Work instructions:
Every line from the one holding "using assms by (auto simp: cow_0" through the final line of the entries is to be reproduced exactly, and no other line.

Saved entries:
□ □ □ □

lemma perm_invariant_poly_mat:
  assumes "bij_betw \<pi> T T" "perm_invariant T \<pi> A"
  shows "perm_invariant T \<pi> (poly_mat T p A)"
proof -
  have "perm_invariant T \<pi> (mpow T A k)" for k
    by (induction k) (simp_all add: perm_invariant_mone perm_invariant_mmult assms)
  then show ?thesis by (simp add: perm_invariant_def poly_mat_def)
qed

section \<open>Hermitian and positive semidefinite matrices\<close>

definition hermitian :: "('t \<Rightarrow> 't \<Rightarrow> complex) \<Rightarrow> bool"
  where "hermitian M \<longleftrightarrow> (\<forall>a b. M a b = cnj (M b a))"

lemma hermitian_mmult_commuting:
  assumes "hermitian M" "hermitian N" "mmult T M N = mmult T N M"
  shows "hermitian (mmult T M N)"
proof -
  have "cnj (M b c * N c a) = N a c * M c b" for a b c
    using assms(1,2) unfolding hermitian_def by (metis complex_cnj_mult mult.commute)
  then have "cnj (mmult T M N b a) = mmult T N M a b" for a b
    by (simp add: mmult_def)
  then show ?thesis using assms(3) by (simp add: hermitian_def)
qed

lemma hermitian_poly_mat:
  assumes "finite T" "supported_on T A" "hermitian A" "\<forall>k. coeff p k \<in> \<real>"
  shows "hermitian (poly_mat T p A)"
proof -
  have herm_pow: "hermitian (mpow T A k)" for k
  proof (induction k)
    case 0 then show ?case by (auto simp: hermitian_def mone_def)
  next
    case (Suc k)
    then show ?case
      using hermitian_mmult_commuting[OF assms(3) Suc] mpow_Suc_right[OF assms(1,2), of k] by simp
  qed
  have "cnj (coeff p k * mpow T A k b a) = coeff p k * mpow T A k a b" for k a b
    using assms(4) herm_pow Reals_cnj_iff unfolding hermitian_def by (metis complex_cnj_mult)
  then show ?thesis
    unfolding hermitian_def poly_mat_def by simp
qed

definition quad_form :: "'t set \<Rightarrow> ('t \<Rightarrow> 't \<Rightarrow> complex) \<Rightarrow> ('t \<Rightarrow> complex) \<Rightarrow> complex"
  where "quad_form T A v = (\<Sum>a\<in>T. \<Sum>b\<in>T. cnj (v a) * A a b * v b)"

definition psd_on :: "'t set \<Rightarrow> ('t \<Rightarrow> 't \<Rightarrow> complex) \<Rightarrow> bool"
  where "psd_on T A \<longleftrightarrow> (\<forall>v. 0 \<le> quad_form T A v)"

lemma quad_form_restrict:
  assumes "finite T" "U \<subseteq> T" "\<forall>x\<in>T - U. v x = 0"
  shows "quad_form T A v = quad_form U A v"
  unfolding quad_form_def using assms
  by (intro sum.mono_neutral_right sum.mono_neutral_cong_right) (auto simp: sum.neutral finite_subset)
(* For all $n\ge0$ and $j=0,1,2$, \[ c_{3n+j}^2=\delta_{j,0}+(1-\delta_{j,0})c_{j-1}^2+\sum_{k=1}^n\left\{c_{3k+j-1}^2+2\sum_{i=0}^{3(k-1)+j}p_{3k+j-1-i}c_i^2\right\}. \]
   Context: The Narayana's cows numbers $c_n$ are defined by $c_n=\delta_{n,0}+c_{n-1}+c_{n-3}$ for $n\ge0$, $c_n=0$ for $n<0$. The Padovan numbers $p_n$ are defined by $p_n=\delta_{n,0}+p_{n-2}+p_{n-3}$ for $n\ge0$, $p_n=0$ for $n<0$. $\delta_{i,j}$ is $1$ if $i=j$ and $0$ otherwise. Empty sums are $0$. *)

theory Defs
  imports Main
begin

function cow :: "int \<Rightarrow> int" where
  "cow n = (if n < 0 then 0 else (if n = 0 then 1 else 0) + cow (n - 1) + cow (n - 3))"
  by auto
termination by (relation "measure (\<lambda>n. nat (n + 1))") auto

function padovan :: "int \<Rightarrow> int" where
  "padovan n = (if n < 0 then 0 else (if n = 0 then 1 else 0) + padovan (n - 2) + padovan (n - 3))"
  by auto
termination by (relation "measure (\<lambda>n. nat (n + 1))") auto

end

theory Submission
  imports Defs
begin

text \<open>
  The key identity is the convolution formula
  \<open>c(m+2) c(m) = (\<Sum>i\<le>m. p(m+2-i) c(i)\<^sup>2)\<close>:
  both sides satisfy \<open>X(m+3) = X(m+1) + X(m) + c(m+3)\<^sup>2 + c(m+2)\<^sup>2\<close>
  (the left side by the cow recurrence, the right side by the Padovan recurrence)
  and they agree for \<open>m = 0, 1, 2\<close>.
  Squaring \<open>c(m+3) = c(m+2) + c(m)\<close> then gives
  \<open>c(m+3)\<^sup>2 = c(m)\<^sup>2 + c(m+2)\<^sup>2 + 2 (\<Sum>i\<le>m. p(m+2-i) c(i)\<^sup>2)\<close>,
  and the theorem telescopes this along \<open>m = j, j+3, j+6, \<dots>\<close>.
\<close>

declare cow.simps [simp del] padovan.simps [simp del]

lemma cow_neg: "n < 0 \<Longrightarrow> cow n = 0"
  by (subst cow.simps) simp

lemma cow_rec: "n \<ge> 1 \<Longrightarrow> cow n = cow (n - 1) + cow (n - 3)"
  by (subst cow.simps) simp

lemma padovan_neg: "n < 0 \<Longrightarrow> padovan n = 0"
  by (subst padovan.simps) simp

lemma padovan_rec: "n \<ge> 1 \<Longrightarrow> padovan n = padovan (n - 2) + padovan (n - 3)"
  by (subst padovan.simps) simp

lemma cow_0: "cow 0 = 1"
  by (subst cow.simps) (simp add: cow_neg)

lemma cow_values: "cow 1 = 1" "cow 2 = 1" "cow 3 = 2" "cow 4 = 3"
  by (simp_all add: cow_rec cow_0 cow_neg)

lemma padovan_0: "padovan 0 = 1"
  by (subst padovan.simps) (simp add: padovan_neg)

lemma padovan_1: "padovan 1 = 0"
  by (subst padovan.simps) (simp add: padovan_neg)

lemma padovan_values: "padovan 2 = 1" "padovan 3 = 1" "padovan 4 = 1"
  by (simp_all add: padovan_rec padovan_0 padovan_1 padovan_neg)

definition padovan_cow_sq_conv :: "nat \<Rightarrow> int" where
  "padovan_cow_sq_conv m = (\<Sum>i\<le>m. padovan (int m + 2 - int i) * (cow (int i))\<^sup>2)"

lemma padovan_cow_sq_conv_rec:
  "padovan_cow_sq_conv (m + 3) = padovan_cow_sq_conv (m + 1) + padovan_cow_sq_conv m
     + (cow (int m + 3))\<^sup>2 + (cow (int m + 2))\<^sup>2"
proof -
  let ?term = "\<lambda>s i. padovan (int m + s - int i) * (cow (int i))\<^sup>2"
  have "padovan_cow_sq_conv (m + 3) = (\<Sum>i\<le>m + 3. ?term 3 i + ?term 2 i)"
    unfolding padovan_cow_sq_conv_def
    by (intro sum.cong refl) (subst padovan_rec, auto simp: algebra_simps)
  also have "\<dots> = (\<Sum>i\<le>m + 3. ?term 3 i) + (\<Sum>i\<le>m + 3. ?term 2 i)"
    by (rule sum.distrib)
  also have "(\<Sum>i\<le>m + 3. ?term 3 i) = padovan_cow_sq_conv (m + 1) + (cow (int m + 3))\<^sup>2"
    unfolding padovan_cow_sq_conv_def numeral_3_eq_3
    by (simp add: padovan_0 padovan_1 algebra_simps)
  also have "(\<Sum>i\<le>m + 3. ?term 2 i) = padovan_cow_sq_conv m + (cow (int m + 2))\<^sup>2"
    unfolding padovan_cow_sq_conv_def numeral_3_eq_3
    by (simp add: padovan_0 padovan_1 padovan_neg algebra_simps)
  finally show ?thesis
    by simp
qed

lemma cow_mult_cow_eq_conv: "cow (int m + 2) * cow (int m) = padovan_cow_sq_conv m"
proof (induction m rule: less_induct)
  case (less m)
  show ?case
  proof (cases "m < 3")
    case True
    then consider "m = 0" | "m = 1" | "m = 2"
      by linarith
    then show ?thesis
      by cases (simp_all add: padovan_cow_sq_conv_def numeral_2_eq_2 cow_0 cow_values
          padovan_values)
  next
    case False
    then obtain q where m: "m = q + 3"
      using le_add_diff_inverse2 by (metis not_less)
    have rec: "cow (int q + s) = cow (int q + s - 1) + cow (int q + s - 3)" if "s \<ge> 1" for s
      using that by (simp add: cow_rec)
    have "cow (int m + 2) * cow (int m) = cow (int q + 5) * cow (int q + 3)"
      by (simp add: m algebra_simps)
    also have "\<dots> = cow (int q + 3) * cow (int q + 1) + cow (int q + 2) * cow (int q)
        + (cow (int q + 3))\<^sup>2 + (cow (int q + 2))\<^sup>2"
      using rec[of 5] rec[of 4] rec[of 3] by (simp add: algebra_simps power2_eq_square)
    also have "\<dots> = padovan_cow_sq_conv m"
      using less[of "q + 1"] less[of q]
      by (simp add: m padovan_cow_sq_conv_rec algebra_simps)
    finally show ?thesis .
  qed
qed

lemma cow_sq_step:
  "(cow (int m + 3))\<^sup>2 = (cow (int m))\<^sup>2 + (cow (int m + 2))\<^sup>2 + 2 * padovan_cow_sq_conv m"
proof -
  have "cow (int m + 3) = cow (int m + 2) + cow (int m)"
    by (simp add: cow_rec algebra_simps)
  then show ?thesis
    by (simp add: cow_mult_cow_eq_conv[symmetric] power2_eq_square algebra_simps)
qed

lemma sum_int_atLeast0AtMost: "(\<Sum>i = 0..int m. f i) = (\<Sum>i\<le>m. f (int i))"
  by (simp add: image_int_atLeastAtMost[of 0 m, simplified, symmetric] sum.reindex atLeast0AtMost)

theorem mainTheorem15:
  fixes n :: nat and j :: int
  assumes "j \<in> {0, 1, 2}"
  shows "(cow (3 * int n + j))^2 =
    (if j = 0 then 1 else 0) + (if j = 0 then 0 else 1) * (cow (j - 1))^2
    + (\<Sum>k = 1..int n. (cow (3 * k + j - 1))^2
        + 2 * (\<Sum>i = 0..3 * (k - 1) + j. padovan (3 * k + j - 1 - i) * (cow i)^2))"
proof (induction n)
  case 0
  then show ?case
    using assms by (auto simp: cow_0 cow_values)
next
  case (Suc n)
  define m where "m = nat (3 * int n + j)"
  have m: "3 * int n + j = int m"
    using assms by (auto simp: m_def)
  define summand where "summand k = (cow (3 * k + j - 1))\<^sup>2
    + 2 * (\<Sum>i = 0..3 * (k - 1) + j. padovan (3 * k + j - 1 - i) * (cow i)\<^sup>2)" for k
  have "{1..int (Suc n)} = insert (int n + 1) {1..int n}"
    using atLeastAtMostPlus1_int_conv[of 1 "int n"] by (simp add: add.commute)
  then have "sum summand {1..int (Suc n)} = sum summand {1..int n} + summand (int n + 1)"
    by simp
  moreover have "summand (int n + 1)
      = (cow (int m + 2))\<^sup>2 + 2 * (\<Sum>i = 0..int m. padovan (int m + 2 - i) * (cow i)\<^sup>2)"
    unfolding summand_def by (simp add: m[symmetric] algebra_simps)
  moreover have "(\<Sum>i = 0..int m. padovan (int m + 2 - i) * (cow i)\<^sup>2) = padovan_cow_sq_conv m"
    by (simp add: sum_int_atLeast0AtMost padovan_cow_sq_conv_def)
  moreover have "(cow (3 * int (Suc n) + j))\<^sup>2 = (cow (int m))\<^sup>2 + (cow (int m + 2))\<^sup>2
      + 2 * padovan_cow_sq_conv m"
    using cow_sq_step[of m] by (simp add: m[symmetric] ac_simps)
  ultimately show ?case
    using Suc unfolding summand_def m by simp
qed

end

□ □ □ □

Answer for this exercise:
    using assms by (auto simp: cow_0 cow_values)
next
  case (Suc n)
  define m where "m = nat (3 * int n + j)"
  have m: "3 * int n + j = int m"
    using assms by (auto simp: m_def)
  define summand where "summand k = (cow (3 * k + j - 1))\<^sup>2
    + 2 * (\<Sum>i = 0..3 * (k - 1) + j. padovan (3 * k + j - 1 - i) * (cow i)\<^sup>2)" for k
  have "{1..int (Suc n)} = insert (int n + 1) {1..int n}"
    using atLeastAtMostPlus1_int_conv[of 1 "int n"] by (simp add: add.commute)
  then have "sum summand {1..int (Suc n)} = sum summand {1..int n} + summand (int n + 1)"
    by simp
  moreover have "summand (int n + 1)
      = (cow (int m + 2))\<^sup>2 + 2 * (\<Sum>i = 0..int m. padovan (int m + 2 - i) * (cow i)\<^sup>2)"
    unfolding summand_def by (simp add: m[symmetric] algebra_simps)
  moreover have "(\<Sum>i = 0..int m. padovan (int m + 2 - i) * (cow i)\<^sup>2) = padovan_cow_sq_conv m"
    by (simp add: sum_int_atLeast0AtMost padovan_cow_sq_conv_def)
  moreover have "(cow (3 * int (Suc n) + j))\<^sup>2 = (cow (int m))\<^sup>2 + (cow (int m + 2))\<^sup>2
      + 2 * padovan_cow_sq_conv m"
    using cow_sq_step[of m] by (simp add: m[symmetric] ac_simps)
  ultimately show ?case
    using Suc unfolding summand_def m by simp
qed

end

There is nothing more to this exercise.